Chief, Laboratory Medicine

Laboratory Medicine
karen.frank@nih.gov
301-402-9559

Dr. Karen M. Frank is a board-certified Clinical Pathologist, with 14 years experience as a clinical microbiologist and seven years of experience as Director of Clinical Microbiology and/or Immunology Laboratories.

MD, University of Pennsylvania
PhD, University of Pennsylvania

Dr. Frank completed her M.D. and Ph.D. in Biochemistry at the University of Pennsylvania. She completed a Clinical Pathology Residency at the Brigham & Women's Hospital. During her postdoctoral research fellowship in Immunology, she focused on V(D)J recombination in developing lymphocytes in the HHMI laboratory of Dr. Fred Alt at the Boston Children's Hospital. As a faculty member, her studies included DNA repair mechanisms relevant to both cancer and immunology, followed by microbiological investigations of Staphylococcus aureus and Enterobacteriaceae.

Academic Biosketch

Dr. Frank is a board-certified Clinical Pathologist, with 14 years experience as a clinical microbiologist and seven years of experience as Director of Clinical Microbiology and/or Immunology Laboratories. She previously served as Director of the Lab Service Center and Phlebotomy, and as an Associate Director of a Pathology Residency Program. Dr. Frank chairs the Resident In-Service Exam Committee of the American Society of Clinical Pathology, she is President-Elect of the Academy of Clinical Laboratory Physicians and Scientists, and has been the Director of an ACGME-accredited Clinical Microbiology Fellowship. She has served as a consultant for medical student education and clinical algorithms for bacterial antibiotic resistance testing in the laboratories of two hospitals in China as part of the Wuhan Medical Education Reform Project. Laboratory projects include an evaluation of MALDI-TOF identification of microorganisms and molecular methods for microbial identification. She joined the Department of Laboratory Medicine in the Clinical Center at NIH in 2012.

Clinical Interests

The Microbiology Service is a CAP-accredited 7,000 square foot laboratory, offering tests that cover all areas of microbiology, including bacteriology, mycology, parasitology, mycobacteriology, and virology.
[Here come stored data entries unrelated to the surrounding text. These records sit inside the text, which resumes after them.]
(* Let $\kappa$ be a field, $r,k\ge1$, $s_1,\dots,s_k\ge0$ integers, $\Gamma$ the complete bipartite supernova quiver with these parameters and $\boldsymbol\mu=(\mu^1,\dots,\mu^k)$ a $k$-tuple of nonzero partitions, $\mu^i=(\mu^i_1\ge\cdots\ge\mu^i_{s_i+1}\ge0)$, with $r\ge|\mu^i|+\mu^i_1$ for all $i$. Let $\boldsymbol\varphi$ be an indecomposable representation of $\Gamma$ over $\kappa$ of dimension vector $\mathbf{v}_{\boldsymbol\mu}$. Then (i) the maps $\varphi_\gamma$, for $\gamma$ running over the arrows $(i;j)\to(i;j-1)$ ($1\le i\le k$, $1\le j\le s_i$) of the long legs, are all injective; and (ii) for each $i=1,\dots,k$, the images of the maps $\varphi_{(l)\to(i;0)}$, $l=1,\dots,r$, span $V^{\boldsymbol\varphi}_{(i;0)}$.
   Context: $\Gamma$ has vertices $(l)$, $l=1,\dots,r$, and $(i;j)$, $i=1,\dots,k$, $j=0,\dots,s_i$; arrows: one arrow $(l)\to(i;0)$ for each $l,i$ and one arrow $(i;j)\to(i;j-1)$ for $1\le j\le s_i$. $\mathbf{v}_{\boldsymbol\mu}$: $v_{(l)}=1$, $v_{(i;0)}=|\mu^i|$, $v_{(i;j)}=|\mu^i|-\sum_{f=1}^j\mu^i_f$. A representation $\boldsymbol\varphi$ consists of $\kappa$-vector spaces $V^{\boldsymbol\varphi}_a$ ($a$ a vertex) of dimensions $v_a$ and linear maps $\varphi_\gamma:V^{\boldsymbol\varphi}_{t(\gamma)}\to V^{\boldsymbol\varphi}_{h(\gamma)}$ for each arrow $\gamma$; it is indecomposable if it is nonzero and not isomorphic to a direct sum of two nonzero representations. *)

theory Defs
  imports "Jordan_Normal_Form.Matrix"
begin

text \<open>Finite-dimensional representations of a quiver over a field 'k, realised on the
coordinate spaces 'k^(d a) (d the dimension vector); the linear map attached to an arrow
is given by its matrix.\<close>

definition is_subspace :: "nat \<Rightarrow> 'k::field vec set \<Rightarrow> bool" where
  "is_subspace n U \<longleftrightarrow> U \<subseteq> carrier_vec n \<and> 0\<^sub>v n \<in> U \<and>
     (\<forall>x\<in>U. \<forall>y\<in>U. x + y \<in> U) \<and> (\<forall>c. \<forall>x\<in>U. c \<cdot>\<^sub>v x \<in> U)"

definition spans :: "nat \<Rightarrow> 'k::field vec set set \<Rightarrow> bool" where
  "spans n Ss \<longleftrightarrow> (\<forall>U. is_subspace n U \<and> \<Union>Ss \<subseteq> U \<longrightarrow> carrier_vec n \<subseteq> U)"

definition is_rep :: "'v set \<Rightarrow> 'e set \<Rightarrow> ('e \<Rightarrow> 'v) \<Rightarrow> ('e \<Rightarrow> 'v) \<Rightarrow> ('v \<Rightarrow> nat)
    \<Rightarrow> ('e \<Rightarrow> 'k::field mat) \<Rightarrow> bool" where
  "is_rep Vs As tlf hdf d phi \<longleftrightarrow>
     (\<forall>g\<in>As. tlf g \<in> Vs \<and> hdf g \<in> Vs \<and> phi g \<in> carrier_mat (d (hdf g)) (d (tlf g)))"

text \<open>A representation is decomposable iff it is (isomorphic to) the direct sum of two
nonzero subrepresentations: at every vertex the space splits as an internal direct sum
U a + W a, both families being stable under all arrow maps, and both nonzero.\<close>
definition decomposable :: "'v set \<Rightarrow> 'e set \<Rightarrow> ('e \<Rightarrow> 'v) \<Rightarrow> ('e \<Rightarrow> 'v) \<Rightarrow> ('v \<Rightarrow> nat)
    \<Rightarrow> ('e \<Rightarrow> 'k::field mat) \<Rightarrow> bool" where
  "decomposable Vs As tlf hdf d phi \<longleftrightarrow>
     (\<exists>U W. (\<forall>a\<in>Vs. is_subspace (d a) (U a) \<and> is_subspace (d a) (W a) \<and>
                    U a \<inter> W a = {0\<^sub>v (d a)} \<and>
                    (\<forall>x\<in>carrier_vec (d a). \<exists>u\<in>U a. \<exists>w\<in>W a. x = u + w)) \<and>
            (\<forall>g\<in>As. (\<forall>x\<in>U (tlf g). phi g *\<^sub>v x \<in> U (hdf g)) \<and>
                     (\<forall>x\<in>W (tlf g). phi g *\<^sub>v x \<in> W (hdf g))) \<and>
            (\<exists>a\<in>Vs. U a \<noteq> {0\<^sub>v (d a)}) \<and> (\<exists>a\<in>Vs. W a \<noteq> {0\<^sub>v (d a)}))"

definition indecomposable :: "'v set \<Rightarrow> 'e set \<Rightarrow> ('e \<Rightarrow> 'v) \<Rightarrow> ('e \<Rightarrow> 'v) \<Rightarrow> ('v \<Rightarrow> nat)
    \<Rightarrow> ('e \<Rightarrow> 'k::field mat) \<Rightarrow> bool" where
  "indecomposable Vs As tlf hdf d phi \<longleftrightarrow>
     (\<exists>a\<in>Vs. d a > 0) \<and> \<not> decomposable Vs As tlf hdf d phi"

text \<open>The complete bipartite supernova quiver: vertices (l) = SV l and (i;j) = LV i j,
arrows (l)->(i;0) = Star l i and (i;j)->(i;j-1) = Leg i j.\<close>
datatype sn_vertex = SV nat | LV nat nat
datatype sn_arrow = Star nat nat | Leg nat nat

definition sn_vertices :: "nat \<Rightarrow> nat \<Rightarrow> (nat \<Rightarrow> nat) \<Rightarrow> sn_vertex set" where
  "sn_vertices r k s = {SV l | l. 1 \<le> l \<and> l \<le> r} \<union> {LV i j | i j. 1 \<le> i \<and> i \<le> k \<and> j \<le> s i}"

definition sn_arrows :: "nat \<Rightarrow> nat \<Rightarrow> (nat \<Rightarrow> nat) \<Rightarrow> sn_arrow set" where
  "sn_arrows r k s = {Star l i | l i. 1 \<le> l \<and> l \<le> r \<and> 1 \<le> i \<and> i \<le> k}
     \<union> {Leg i j | i j. 1 \<le> i \<and> i \<le> k \<and> 1 \<le> j \<and> j \<le> s i}"

fun sn_tail :: "sn_arrow \<Rightarrow> sn_vertex" where
  "sn_tail (Star l i) = SV l"
| "sn_tail (Leg i j) = LV i j"

fun sn_head :: "sn_arrow \<Rightarrow> sn_vertex" where
  "sn_head (Star l i) = LV i 0"
| "sn_head (Leg i j) = LV i (j - 1)"

text \<open>mu i f = \<mu>^i_f for f = 1..s_i+1; |\<mu>^i| = sum of the parts.\<close>
definition psize :: "(nat \<Rightarrow> nat \<Rightarrow> nat) \<Rightarrow> (nat \<Rightarrow> nat) \<Rightarrow> nat \<Rightarrow> nat" where
  "psize mu s i = (\<Sum>f=1..s i + 1. mu i f)"

fun dimvec :: "(nat \<Rightarrow> nat \<Rightarrow> nat) \<Rightarrow> (nat \<Rightarrow> nat) \<Rightarrow> sn_vertex \<Rightarrow> nat" where
  "dimvec mu s (SV l) = 1"
| "dimvec mu s (LV i j) = psize mu s i - (\<Sum>f=1..j. mu i f)"

end

theory Submission
  imports Defs
begin

text \<open>If the arrow (i;m) \<rightarrow> (i;m-1) kills a nonzero vector, or the star images span only a proper
  subspace of V_(i;0), a string summand supported on a segment (i;m), ..., (i;t) of the i-th leg
  splits off. Take t maximal such that some y in V_(i;t) is carried by the leg maps to a vector z
  in V_(i;m) witnessing the defect, and a linear form w on V_(i;m) with w z = 1 that vanishes on
  the image of V_(i;t+1) (resp. on the star images). The images of y along the leg span one
  summand; the kernels of w composed with the leg maps form a complement, which contains the
  one-dimensional spaces V_(l), so both summands are nonzero. Only dim V_(l) = 1 and r \<ge> 1 are
  used.\<close>

lemma mult_mat_zero_vec[simp]:
  "M \<in> carrier_mat n' n \<Longrightarrow> M *\<^sub>v 0\<^sub>v n = (0\<^sub>v n' :: 'k::field vec)"
  by (intro eq_vecI) auto

definition form_kernel :: "nat \<Rightarrow> 'k::field vec \<Rightarrow> 'k vec set" where
  "form_kernel n f = {x \<in> carrier_vec n. f \<bullet> x = 0}"

definition vec_multiples :: "'k::field vec \<Rightarrow> 'k vec set" where
  "vec_multiples c = range (\<lambda>e. e \<cdot>\<^sub>v c)"

lemma zero_in_vec_multiples: "c \<in> carrier_vec n \<Longrightarrow> 0\<^sub>v n \<in> vec_multiples (c :: 'k::field vec)"
  unfolding vec_multiples_def by (intro range_eqI[of _ _ 0]) auto

lemma self_in_vec_multiples: "c \<in> vec_multiples (c :: 'k::field vec)"
  by (auto simp: vec_multiples_def intro: range_eqI[of _ _ 1])

lemma is_subspace_form_kernel:
  assumes "f \<in> carrier_vec n"
  shows "is_subspace n (form_kernel n (f :: 'k::field vec))"
  using assms by (auto simp: is_subspace_def form_kernel_def scalar_prod_add_distrib[of f n])

lemma is_subspace_vec_multiples:
  assumes "c \<in> carrier_vec n"
  shows "is_subspace n (vec_multiples (c :: 'k::field vec))"
  unfolding is_subspace_def vec_multiples_def
proof (intro conjI ballI allI)
  show "0\<^sub>v n \<in> range (\<lambda>e. e \<cdot>\<^sub>v c)"
    using assms by (intro range_eqI[of _ _ 0]) auto
  fix x y assume "x \<in> range (\<lambda>e. e \<cdot>\<^sub>v c)" "y \<in> range (\<lambda>e. e \<cdot>\<^sub>v c)"
  then obtain a b where "x = a \<cdot>\<^sub>v c" "y = b \<cdot>\<^sub>v c" by auto
  with assms show "x + y \<in> range (\<lambda>e. e \<cdot>\<^sub>v c)"
    by (intro range_eqI[of _ _ "a + b"]) (simp add: add_smult_distrib_vec)
next
  fix e x assume "x \<in> range (\<lambda>e. e \<cdot>\<^sub>v c)"
  then obtain a where "x = a \<cdot>\<^sub>v c" by auto
  then show "e \<cdot>\<^sub>v x \<in> range (\<lambda>e. e \<cdot>\<^sub>v c)"
    by (intro range_eqI[of _ _ "e * a"]) (simp add: smult_smult_assoc)
qed (use assms in auto)

lemma is_subspace_zero: "is_subspace n {0\<^sub>v n :: 'k::field vec}"
  unfolding is_subspace_def by auto

lemma is_subspace_mat_image:
  assumes "(M :: 'k::field mat) \<in> carrier_mat n' n"
  shows "is_subspace n' ((\<lambda>v. M *\<^sub>v v) ` carrier_vec n)"
  unfolding is_subspace_def
proof (intro conjI ballI allI)
  show "0\<^sub>v n' \<in> (\<lambda>v. M *\<^sub>v v) ` carrier_vec n"
    using assms by (intro image_eqI[of _ _ "0\<^sub>v n"]) auto
  fix x y assume "x \<in> (\<lambda>v. M *\<^sub>v v) ` carrier_vec n" "y \<in> (\<lambda>v. M *\<^sub>v v) ` carrier_vec n"
  then obtain a b where "x = M *\<^sub>v a" "y = M *\<^sub>v b" "a \<in> carrier_vec n" "b \<in> carrier_vec n"
    by auto
  with assms show "x + y \<in> (\<lambda>v. M *\<^sub>v v) ` carrier_vec n"
    by (intro image_eqI[of _ _ "a + b"]) (auto simp: mult_add_distrib_mat_vec)
next
  fix e x assume "x \<in> (\<lambda>v. M *\<^sub>v v) ` carrier_vec n"
  then obtain a where "x = M *\<^sub>v a" "a \<in> carrier_vec n" by auto
  with assms show "e \<cdot>\<^sub>v x \<in> (\<lambda>v. M *\<^sub>v v) ` carrier_vec n"
    by (intro image_eqI[of _ _ "e \<cdot>\<^sub>v a"]) (auto simp: mult_mat_vec)
qed (use assms in auto)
We provide testing for many NIH institute research programs and we therefore have state-of-the-art instrumentation, including an extensive molecular diagnostics section and a BSL3 level facility. The laboratory staff have consistently published peer-reviewed studies for many years. This laboratory was one of the leading laboratories in the United States to investigate the use of MALDI-TOF technology for organism identification and to integrate the technology into the routine daily workflow. We have more than 26 full-time microbiology staff, primarily licensed medical technologists, as well as four senior level microbiology staff positions to oversee all of the sections of the laboratory. The Clinical Center serves as a medical center only for patients enrolled in clinical trials, and because of this unique mission, the patients enrolled come from locations throughout the world, some with very rare disorders, and many of the patients are very immunocompromised. Therefore, the laboratory has access to a wide variety of specimens from diverse populations, including organisms that are not routinely isolated in many hospital settings. The senior staff in the microbiology laboratory meets daily with the infectious diseases physicians and has routine interactions with the scientists leading the clinical trials, providing a great environment for further investigation of antibacterial resistance. Collaborative research is conducted on campus with investigators from multiple NIH institutes.

Research Interests

Staphylococcus aureus
Dr. Frank's research collaboration with Dr. Julie Bubeck-Wardenburg in the Departments of Pediatrics and Microbiology at the University of Chicago focused on the pathogenesis of Staphylococcus aureus pneumonia. Pneumonia due to Staphylococcus aureus causes significant morbidity and mortality in both children and adults. Although Staphylocccous aureus is known to have a number of virulence factors, the essential factors involved in lower respiratory tract disease are not yet completely understood. The alpha-hemolysin of Staphylococcus aureus has been identified through animal models of pneumonia as one of the critical virulence factors for lung injury.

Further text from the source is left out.